### Task prompt
Search the data for the word "record" and copy every line where it occurs.

^^^^^^^^^^^^^^^^

(* Let $E,H$ be finite directed graphs, $\xi^0,\xi^1:H\to E$ an embedding pair and $(G_\xi,E)$ its associated self-similar groupoid action. Let $E^0_{OS}$ be the set obtained from $E^1$ by identifying $\xi^0(h)$ with $\xi^1(h)$ for every $h\in H^1$, $\pi:E^1\to E^0_{OS}$ the quotient map and $\beta:E^0_{OS}\to E^0$ the unique map with $\beta\circ\pi=s$. Then the out-split $(G_{OS},E_{OS})$ of $(G_\xi,E)$ by $OS=(\pi,\beta)$ is canonically isomorphic to the KEP-action $(G_B,E_A)$, where $A=(A_{v,w})_{v,w\in E^0_{OS}}$ is the adjacency matrix of $E_{OS}$ (i.e. $A_{v,w}$ is the number of edges of $E_{OS}$ with range $v$ and source $w$) and $B=(\max\{0,A_{v,w}-1\})_{v,w\in E^0_{OS}}$. Moreover, $(\tilde\sigma,\mathcal{J}_{G_\xi,E})$ and $(\tilde\sigma,\mathcal{J}_{G_B,E_A})$ are topologically conjugate.
   Context: Graphs, paths and $E^{-\infty}$: $E=(E^0,E^1,r,s)$; finite paths $\mu_1\cdots\mu_n$ with $s(\mu_i)=r(\mu_{i+1})$; $E^{-\infty}$ left-infinite paths $\cdots\mu_{-2}\mu_{-1}$ (product topology), shift $\sigma$ deleting $\mu_{-1}$. Embedding pair: injective graph homomorphisms $\xi^0,\xi^1:H\to E$ with $\xi^0|_{H^0}=\xi^1|_{H^0}$ and $\xi^0(H^1)\cap\xi^1(H^1)=\emptyset$; $H^1_\xi=\xi^0(H^1)\cup\xi^1(H^1)$. $(G_\xi,E)$: on the group bundle $\mathbb{Z}\times E^0$ (product $(m,v)(n,v)=(m+n,v)$) define for $e\in vE^1$: if $e\notin H^1_\xi$, $(m,v)\cdot e=e$, $(m,v)|_e=(0,s(e))$; if $e=\xi^i(h)$, writing $m+i=2n+j$ with $j\in\{0,1\}$, $n\in\mathbb{Z}$: $(m,v)\cdot e=\xi^j(h)$, $(m,v)|_e=(n,s(e))$; extend to paths by $g\cdot(e\nu)=(g\cdot e)(g|_e\cdot\nu)$. $G_\xi$ is the quotient by elements acting trivially on $E^*$; it is a self-similar group bundle. Out-split of a self-similar group bundle $(G,E)$ by $(\pi,\beta)$ with $s=\beta\circ\pi$: $E_{OS}$ has vertices $E^0_{OS}$, edges $\{(v,e):\beta(v)=r(e)\}$, $r_{OS}(v,e)=v$, $s_{OS}(v,e)=\pi(e)$; $G_{OS}=\{(g,v): d(g)=c(g)=\beta(v)\}$ with $(g,v)\cdot(v,e)=(v,g\cdot e)$ and $(g,v)|_{(v,e)}=(g|_e,\pi(e))$. KEP-action: for a Katsura pair $(A,B)$ ($A$ a nonnegative integer matrix, $B$ an integer matrix, $A_{ij}=0\Rightarrow B_{ij}=0$, indexed by a finite set), $E_A$ has vertices the index set and edges $e_{i,j,m}$, $0\le m<A_{ij}$, with $r=i$, $s=j$; the group bundle $\mathbb{Z}\times E_A^0$ with elements $a_i^k$ acts by $a_i^k\cdot e_{i,j,m}=e_{i,j,\hat m}$, $a_i^k|_{e_{i,j,m}}=a_j^{\hat k}$ where $kB_{ij}+m=\hat kA_{ij}+\hat m$, $0\le\hat m<A_{ij}$, extended recursively to paths; $G_B$ is its faithful quotient and $(G_B,E_A)$ the KEP-action. Limit space: for a self-similar groupoid $(G,E)$, $\mu\sim_{ae}\nu$ iff there are a finite $F\subseteq G$ and $(g_n)_{n<0}\subseteq F$ with $d(g_n)=r(\mu_n)$ and $g_n\cdot\mu_n\cdots\mu_{-1}=\nu_n\cdots\nu_{-1}$ for all $n<0$; $\mathcal{J}_{G,E}=E^{-\infty}/\sim_{ae}$ with $\tilde\sigma$ induced by $\sigma$. *)

theory Defs
  imports "HOL-Analysis.Analysis"
begin

record ('v,'e) dgraph =
  verts :: "'v set"
  edges :: "'e set"
  rng :: "'e \<Rightarrow> 'v"
  src :: "'e \<Rightarrow> 'v"

definition finite_graph :: "('v,'e) dgraph \<Rightarrow> bool" where
  "finite_graph E \<longleftrightarrow> finite (verts E) \<and> finite (edges E)
     \<and> (\<forall>e\<in>edges E. rng E e \<in> verts E \<and> src E e \<in> verts E)"

definition is_path :: "('v,'e) dgraph \<Rightarrow> 'e list \<Rightarrow> bool" where
  "is_path E \<mu> \<longleftrightarrow> set \<mu> \<subseteq> edges E
     \<and> (\<forall>i. Suc i < length \<mu> \<longrightarrow> src E (\<mu> ! i) = rng E (\<mu> ! Suc i))"

record ('v,'e,'g) ssg = "('v,'e) dgraph" +
  grp :: "'g set"
  dom :: "'g \<Rightarrow> 'v"
  cod :: "'g \<Rightarrow> 'v"
  mul :: "'g \<Rightarrow> 'g \<Rightarrow> 'g"
  act :: "'g \<Rightarrow> 'e \<Rightarrow> 'e"
  res :: "'g \<Rightarrow> 'e \<Rightarrow> 'g"

definition ssg_iso :: "('v,'e,'g,'a) ssg_scheme \<Rightarrow> ('w,'f,'k,'b) ssg_scheme \<Rightarrow>
    ('v \<Rightarrow> 'w) \<Rightarrow> ('e \<Rightarrow> 'f) \<Rightarrow> ('g \<Rightarrow> 'k) \<Rightarrow> bool" where
  "ssg_iso S T \<phi>0 \<phi>1 \<psi> \<longleftrightarrow>
     bij_betw \<phi>0 (verts S) (verts T) \<and> bij_betw \<phi>1 (edges S) (edges T)
     \<and> bij_betw \<psi> (grp S) (grp T)
     \<and> (\<forall>e\<in>edges S. rng T (\<phi>1 e) = \<phi>0 (rng S e) \<and> src T (\<phi>1 e) = \<phi>0 (src S e))
     \<and> (\<forall>g\<in>grp S. dom T (\<psi> g) = \<phi>0 (dom S g) \<and> cod T (\<psi> g) = \<phi>0 (cod S g))
     \<and> (\<forall>g\<in>grp S. \<forall>h\<in>grp S. dom S g = cod S h \<longrightarrow> \<psi> (mul S g h) = mul T (\<psi> g) (\<psi> h))
     \<and> (\<forall>g\<in>grp S. \<forall>e\<in>edges S. dom S g = rng S e \<longrightarrow>
           act T (\<psi> g) (\<phi>1 e) = \<phi>1 (act S g e) \<and> \<psi> (res S g e) = res T (\<psi> g) (\<phi>1 e))"

definition ssg_isomorphic :: "('v,'e,'g,'a) ssg_scheme \<Rightarrow> ('w,'f,'k,'b) ssg_scheme \<Rightarrow> bool" where
  "ssg_isomorphic S T \<longleftrightarrow> (\<exists>\<phi>0 \<phi>1 \<psi>. ssg_iso S T \<phi>0 \<phi>1 \<psi>)"

fun act_path :: "('v,'e,'g,'a) ssg_scheme \<Rightarrow> 'g \<Rightarrow> 'e list \<Rightarrow> 'e list" where
  "act_path S g [] = []"
| "act_path S g (e # \<nu>) = act S g e # act_path S (res S g e) \<nu>"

^^^^^^^^^^^^^^^^

### Written reply
record ('v,'e) dgraph =
record ('v,'e,'g) ssg = "('v,'e) dgraph" +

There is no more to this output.